Посередине, между нарами стояли, едва умещаясь, узкий стол и три табурета. Слева от двери — унитаз-параша и железная проржавевшая раковина с краном.

В камере обитали семь человек, семь женщин разного возраста. Самой молодой, обитавшей у входа на втором «этаже», наверное, едва исполнилось 16. Самой старой, кроме тети Маши, сидела прямо у двери бабка примерно её возраста, лет под 70. Сейчас они все сидели на нарах, кто внизу, кто вверху, свесив ноги, и выжидающе смотрели на «новенькую». Только одна, сидевшая за столом, невысокая толстая бабища с неприятным рябым лицом и свернутым набок носом, как только тётю Машу втолкнули в камеру, вскочила и заорала хриплым голосом:

— Да вы охренели совсем! Дышать и так уже нечем, а вы нам в хату еще людей пихаете!

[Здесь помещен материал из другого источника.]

theorem lemma4p5:
  fixes phi :: "'a::{finite,field} \<Rightarrow> 'b::{finite,field}"
    and q m k n :: nat and E :: "'a mat"
  assumes "card (UNIV :: 'a set) = q" and "\<exists>p r. prime p \<and> r \<ge> 1 \<and> q = p ^ r"
    and "m \<ge> 1" and "card (UNIV :: 'b set) = q ^ m"
    and "phi 0 = 0" and "phi 1 = 1"
    and "\<And>x y. phi (x + y) = phi x + phi y" and "\<And>x y. phi (x * y) = phi x * phi y"
    and "1 \<le> k" and "k < n"
    and "E \<in> T_set k n"
  shows "total_degree (f_E phi k n E) = k - subspace_dim n (vec_space.row_space n E \<inter> U0 k n)"
proof -
  have E: "E \<in> carrier_mat k n" and rank: "vec_space.rank k E = k"
    using assms(11) unfolding T_set_def by auto
  define R where "R = gauss_jordan_single (rotate_cols k E)"
  note gauss_jordan = gauss_jordan_single[OF rotate_cols_carrier[OF E] R_def[symmetric]]
  obtain P Q where PQ: "R = P * rotate_cols k E" "P \<in> carrier_mat k k" "Q \<in> carrier_mat k k"
    "P * Q = 1\<^sub>m k" "Q * P = 1\<^sub>m k" using gauss_jordan(4) by blast
  obtain f where f: "pivot_fun R f n"
    using gauss_jordan(2,3) unfolding row_echelon_form_def by auto
  have "rotated_echelon_form E k n P Q R f"
    by unfold_locales (use E assms(10) PQ f rank in auto)
  moreover have "field_hom phi"
    by unfold_locales (use assms(5-8) in auto)
  ultimately interpret rotated_echelon_form_hom E k n P Q R f phi
    by (rule rotated_echelon_form_hom.intro)
  show ?thesis using total_degree_f_E subspace_dim_row_space_Int_U0 r_le_k by simp
qed

end
lemma complex_span_subset_span_Un_ii:
  fixes sC :: "complex \<Rightarrow> 'b::real_normed_vector \<Rightarrow> 'b"
  assumes KN: "K_normed_space sC"
  shows "module.span sC B \<subseteq> span (B \<union> sC \<i> ` B)"
proof -
  interpret vs: vector_space sC by (rule K_normed_spaceD(1)[OF KN])
  let ?S = "span (B \<union> sC \<i> ` B)"
  have of_real: "sC (of_real r) x = r *\<^sub>R x" for r x by (rule K_normed_spaceD(3)[OF KN])
  have B: "sC c b \<in> ?S" if "b \<in> B" for b c
  proof -
    have "c = of_real (Re c) + of_real (Im c) * \<i>" by (simp add: complex_eq_iff)
    then have "sC c b = sC (of_real (Re c)) b + sC (of_real (Im c)) (sC \<i> b)"
      by (metis vs.scale_left_distrib vs.scale_scale)
    also have "\<dots> = Re c *\<^sub>R b + Im c *\<^sub>R sC \<i> b" by (simp only: of_real)
    finally show ?thesis using that by (simp add: span_add span_mul span_base)
  qed
  have generators: "sC c z \<in> ?S" if "z \<in> B \<union> sC \<i> ` B" for z c
  proof (cases "z \<in> B")
    case False
    with that obtain b where "b \<in> B" "z = sC \<i> b" by auto
    then show ?thesis using B[of b "c * \<i>"] by simp
  qed (rule B)
  have "sC c y \<in> ?S" if "y \<in> ?S" for y c
    using that
  proof (induction arbitrary: c rule: span_induct_alt)
    case (step a x y)
    have "sC c (a *\<^sub>R x + y) = sC (c * of_real a) x + sC c y"
      by (simp only: vs.scale_right_distrib of_real[symmetric] vs.scale_scale)
    then show ?case using generators[OF step(1)] step(2) by (simp add: span_add)
  qed (simp add: span_zero)
  then have "vs.subspace ?S" by (auto simp: vs.subspace_def span_zero span_add)
  then show ?thesis by (intro vs.span_minimal) (auto intro: span_base)
qed

theorem proposition3p3:
  fixes sR :: "real \<Rightarrow> 'a::banach \<Rightarrow> 'a"
    and sC :: "complex \<Rightarrow> 'b::banach \<Rightarrow> 'b"
  shows "(K_normed_space sR \<and> K_finite_dimensional sR \<and> num_index sR > 0 \<longrightarrow> Lpp_nu sR)
       \<and> (K_normed_space sC \<and> K_finite_dimensional sC \<and> num_index sC > 0 \<longrightarrow> Lpp_nu sC)"
proof (intro conjI impI; elim conjE)
  assume KN: "K_normed_space sR" and "K_finite_dimensional sR" and idx: "num_index sR > 0"
  then obtain B where B: "finite B" "module.span sR B = UNIV"
    unfolding K_finite_dimensional_def by blast
  have "span B = UNIV"
    using B(2) by (simp add: K_normed_space_real_eq_scaleR[OF KN] span_raw_def)
  then show "Lpp_nu sR" by (rule Lpp_nu_if_finite_span[OF KN B(1) _ idx])
next
  assume KN: "K_normed_space sC" and "K_finite_dimensional sC" and idx: "num_index sC > 0"
  then obtain B where B: "finite B" "module.span sC B = UNIV"
    unfolding K_finite_dimensional_def by blast
  have "finite (B \<union> sC \<i> ` B)" using B(1) by simp
  moreover have "span (B \<union> sC \<i> ` B) = UNIV"
    using complex_span_subset_span_Un_ii[OF KN, of B] B(2) by auto
  ultimately show "Lpp_nu sC" by (rule Lpp_nu_if_finite_span[OF KN _ _ idx])
qed

end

Но дверь уже захлопнулась. Рябая толстуха, одетая в домашний пёстрый байковый халат, вразвалочку подошла к тёте Маше, встала перед ней и рыкнула:

— Кто такая? Обзовись!

И тут же, не давая ответить:

— Чего пришла? Звездуй отсюда обратно! Нету здесь свободных мест.

И вмазала ей кулаком в живот. От неожиданности Мария Гавриловна охнула и согнулась. Толстуха выхватила у неё из рук её дело, раскрыла и прочитала:

— Киселева Мария Гавриловна, статья 102, пункт «д». Ого!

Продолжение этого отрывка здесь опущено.